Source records
>>>>
lemma not_connected_on_isolated_vertex:
  assumes "x \<in> V" "y \<in> V" "x \<noteq> y" and isolated: "\<And>z. z \<in> V \<Longrightarrow> \<not> E z x"
  shows "\<not> connected_on E V"
proof
  assume "connected_on E V"
  then have "(\<lambda>a b. a \<in> V \<and> b \<in> V \<and> E a b)\<^sup>*\<^sup>* y x"
    using assms unfolding connected_on_def by blast
  then show False using assms by (cases rule: rtranclp.cases) auto
qed

(* If some of the first k letters is a D, removing the fewer than k vertices added after it
   leaves that D-vertex as the last vertex, hence isolated. *)
lemma k_connected_thr_prefix_S:
  assumes th: "threshold_word w" and kc: "k_connected (thr w) k" and i: "i < k"
  shows "w ! i = S"
proof (rule ccontr)
  assume D: "w ! i \<noteq> S"
  define m where "m = length w"
  have km: "k \<le> m" using kc unfolding k_connected_def thr_vertices m_def by simp
  define X where "X = {m - i..<m}"
  have "X \<subseteq> fst (thr w)" "card X < k" using i km unfolding X_def thr_vertices m_def by auto
  moreover have "fst (thr w) - X = {..<m - i}" unfolding thr_vertices X_def m_def by auto
  ultimately have conn: "connected_on (snd (thr w)) {..<m - i}"
    using kc unfolding k_connected_def by metis
  define x where "x = m - 1 - i"
  have x_D: "rev w ! x \<noteq> S" using D i km unfolding x_def m_def by (simp add: rev_nth Suc_diff_Suc)
  have "x \<noteq> 0" using x_D threshold_word_first_vertex[OF th] by metis
  moreover have "\<not> snd (thr w) z x" if "z \<in> {..<m - i}" for z
  proof -
    have "max z x = x" using that unfolding x_def by auto
    then show ?thesis using x_D unfolding thr_adjacent by auto
  qed
  ultimately have "\<not> connected_on (snd (thr w)) {..<m - i}"
    using i km by (intro not_connected_on_isolated_vertex[of x _ 0]) (auto simp: x_def)
  then show False using conn by contradiction
qed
<<<<
What to do
Set down the data once more, word for word.

Response
lemma not_connected_on_isolated_vertex:
  assumes "x \<in> V" "y \<in> V" "x \<noteq> y" and isolated: "\<And>z. z \<in> V \<Longrightarrow> \<not> E z x"
  shows "\<not> connected_on E V"
proof
  assume "connected_on E V"
  then have "(\<lambda>a b. a \<in> V \<and> b \<in> V \<and> E a b)\<^sup>*\<^sup>* y x"
    using assms unfolding connected_on_def by blast
  then show False using assms by (cases rule: rtranclp.cases) auto
qed

(* If some of the first k letters is a D, removing the fewer than k vertices added after it
   leaves that D-vertex as the last vertex, hence isolated. *)
lemma k_connected_thr_prefix_S:
  assumes th: "threshold_word w" and kc: "k_connected (thr w) k" and i: "i < k"
  shows "w ! i = S"
proof (rule ccontr)
  assume D: "w ! i \<noteq> S"
  define m where "m = length w"
  have km: "k \<le> m" using kc unfolding k_connected_def thr_vertices m_def by simp
  define X where "X = {m - i..<m}"
  have "X \<subseteq> fst (thr w)" "card X < k" using i km unfolding X_def thr_vertices m_def by auto
  moreover have "fst (thr w) - X = {..<m - i}" unfolding thr_vertices X_def m_def by auto
  ultimately have conn: "connected_on (snd (thr w)) {..<m - i}"
    using kc unfolding k_connected_def by metis
  define x where "x = m - 1 - i"
  have x_D: "rev w ! x \<noteq> S" using D i km unfolding x_def m_def by (simp add: rev_nth Suc_diff_Suc)
  have "x \<noteq> 0" using x_D threshold_word_first_vertex[OF th] by metis
  moreover have "\<not> snd (thr w) z x" if "z \<in> {..<m - i}" for z
  proof -
    have "max z x = x" using that unfolding x_def by auto
    then show ?thesis using x_D unfolding thr_adjacent by auto
  qed
  ultimately have "\<not> connected_on (snd (thr w)) {..<m - i}"
    using i km by (intro not_connected_on_isolated_vertex[of x _ 0]) (auto simp: x_def)
  then show False using conn by contradiction
qed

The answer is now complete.